# Kohler 18hp, Hard Start, Backfires



## Tim1052

Hi there, I have an 18Hp Kohler Command engine.

Getting vary hard starts, where at first it doesn't seem to be getting fuel... then all of the sudden, it gets too much and I get a backfire..

Seems like 1st and 2nd crank of the engine, no fire...and then on the 3rd it gets an abundance.

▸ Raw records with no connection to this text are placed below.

lemma degree_dmul:
  assumes "X \<noteq> 0"
  shows "degree (dmul \<sigma> \<delta> X) = Suc (degree X)"
    and "lead_coeff (dmul \<sigma> \<delta> X) = fmap \<sigma> (lead_coeff X)"
proof -
  have lc: "coeff (dmul \<sigma> \<delta> X) (Suc (degree X)) = fmap \<sigma> (lead_coeff X)"
    by (simp add: coeff_dmul coeff_eq_0 fder_0)
  moreover have "fmap \<sigma> (lead_coeff X) \<noteq> 0" using assms by (simp add: fmap_eq_0_iff)
  ultimately have "Suc (degree X) \<le> degree (dmul \<sigma> \<delta> X)" by (simp add: le_degree)
  then show "degree (dmul \<sigma> \<delta> X) = Suc (degree X)" using degree_dmul_le by (rule antisym[rotated])
  with lc show "lead_coeff (dmul \<sigma> \<delta> X) = fmap \<sigma> (lead_coeff X)" by simp
qed

lemma degree_dmul_pow:
  assumes "X \<noteq> 0"
  shows "(dmul \<sigma> \<delta> ^^ i) X \<noteq> 0 \<and> degree ((dmul \<sigma> \<delta> ^^ i) X) = degree X + i"
proof (induction i)
  case (Suc i)
  then show ?case using degree_dmul(1)[of "(dmul \<sigma> \<delta> ^^ i) X"] by auto
qed (simp add: assms)

lemma ore_mult_eq_sum:
  assumes "degree A \<le> N"
  shows "ore_mult \<sigma> \<delta> A B = (\<Sum>i\<le>N. smult (coeff A i) ((dmul \<sigma> \<delta> ^^ i) B))"
  unfolding ore_mult_def
  by (rule sum.mono_neutral_left) (use assms in \<open>auto simp: coeff_eq_0\<close>)

lemma ore_mult_0: "ore_mult \<sigma> \<delta> 0 B = 0"
  by (simp add: ore_mult_def)

lemma ore_mult_add: "ore_mult \<sigma> \<delta> (A + A') B = ore_mult \<sigma> \<delta> A B + ore_mult \<sigma> \<delta> A' B"
proof -
  define N where "N = max (degree A) (degree A')"
  have "degree (A + A') \<le> N" unfolding N_def by (rule degree_add_le) auto
  then show ?thesis
    by (simp add: ore_mult_eq_sum[of _ N] N_def smult_add_left sum.distrib)
qed

lemma ore_mult_smult: "ore_mult \<sigma> \<delta> (smult a A) B = smult a (ore_mult \<sigma> \<delta> A B)"
  by (simp add: ore_mult_eq_sum[OF degree_smult_le] ore_mult_def poly_eq_iff coeff_sum sum_distrib_left mult.assoc)

lemma ore_mult_dmul: "ore_mult \<sigma> \<delta> (dmul \<sigma> \<delta> A) B = dmul \<sigma> \<delta> (ore_mult \<sigma> \<delta> A B)"
proof -
  define N where "N = degree A"
  define D where "D i = (dmul \<sigma> \<delta> ^^ i) B" for i
  have "ore_mult \<sigma> \<delta> (dmul \<sigma> \<delta> A) B = (\<Sum>i\<le>Suc N. smult (coeff (dmul \<sigma> \<delta> A) i) (D i))"
    unfolding D_def N_def by (rule ore_mult_eq_sum[OF degree_dmul_le])
  also have "\<dots> = (\<Sum>i\<le>Suc N. smult (if i = 0 then 0 else fmap \<sigma> (coeff A (i - 1))) (D i))
      + (\<Sum>i\<le>Suc N. smult (fder \<sigma> \<delta> (coeff A i)) (D i))"
    by (simp add: coeff_dmul smult_add_left sum.distrib)
  also have "(\<Sum>i\<le>Suc N. smult (if i = 0 then 0 else fmap \<sigma> (coeff A (i - 1))) (D i))
      = (\<Sum>i\<le>N. smult (fmap \<sigma> (coeff A i)) (D (Suc i)))"
    by (subst sum.atMost_Suc_shift) simp
  also have "(\<Sum>i\<le>Suc N. smult (fder \<sigma> \<delta> (coeff A i)) (D i)) = (\<Sum>i\<le>N. smult (fder \<sigma> \<delta> (coeff A i)) (D i))"
    by (simp add: N_def coeff_eq_0 fder_0)
  also have "(\<Sum>i\<le>N. smult (fmap \<sigma> (coeff A i)) (D (Suc i))) + (\<Sum>i\<le>N. smult (fder \<sigma> \<delta> (coeff A i)) (D i))
      = dmul \<sigma> \<delta> (ore_mult \<sigma> \<delta> A B)"
    by (simp add: ore_mult_def N_def D_def dmul_sum dmul_smult sum.distrib)
  finally show ?thesis .
qed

Trying to get some ideas on what to look at... I have checked the fuel pulse pump...I am getting fuel. So I'm wondering if maybe the choke or float in the carb may be the next thing to take a look at ?

Thanks for any tips!

Tim


----------



## 30yearTech

Also check your lifters, they are hydraulic on the command engines. If they are not pumping up, the valve lash will be too great and the valve timing will be affected somewhat. This could cause a problem like the one you describe. The carburetor could also be causing the problem and be sure to check your ignition spark as well as the spark plug, do the simple things first before you mess with the valves or lifters.

Good Luck :thumbsup:


----------



## jetrail

hey 30yr , 
what about the key in the flywheel too , i got a tractor from lowes for 50.00 it wasn't even a yr old and they said the motor was bad , (the motor was stuck ) i got the motor freed up and got it running , it was hard to start and then it would miss and backfire some , so i checked the flywheel key and it was sheared , so for $50.25 i got a troy built bronco tractor that wasn't even a yr old . it runs fine too this day and i've had it almost 3 yrs


----------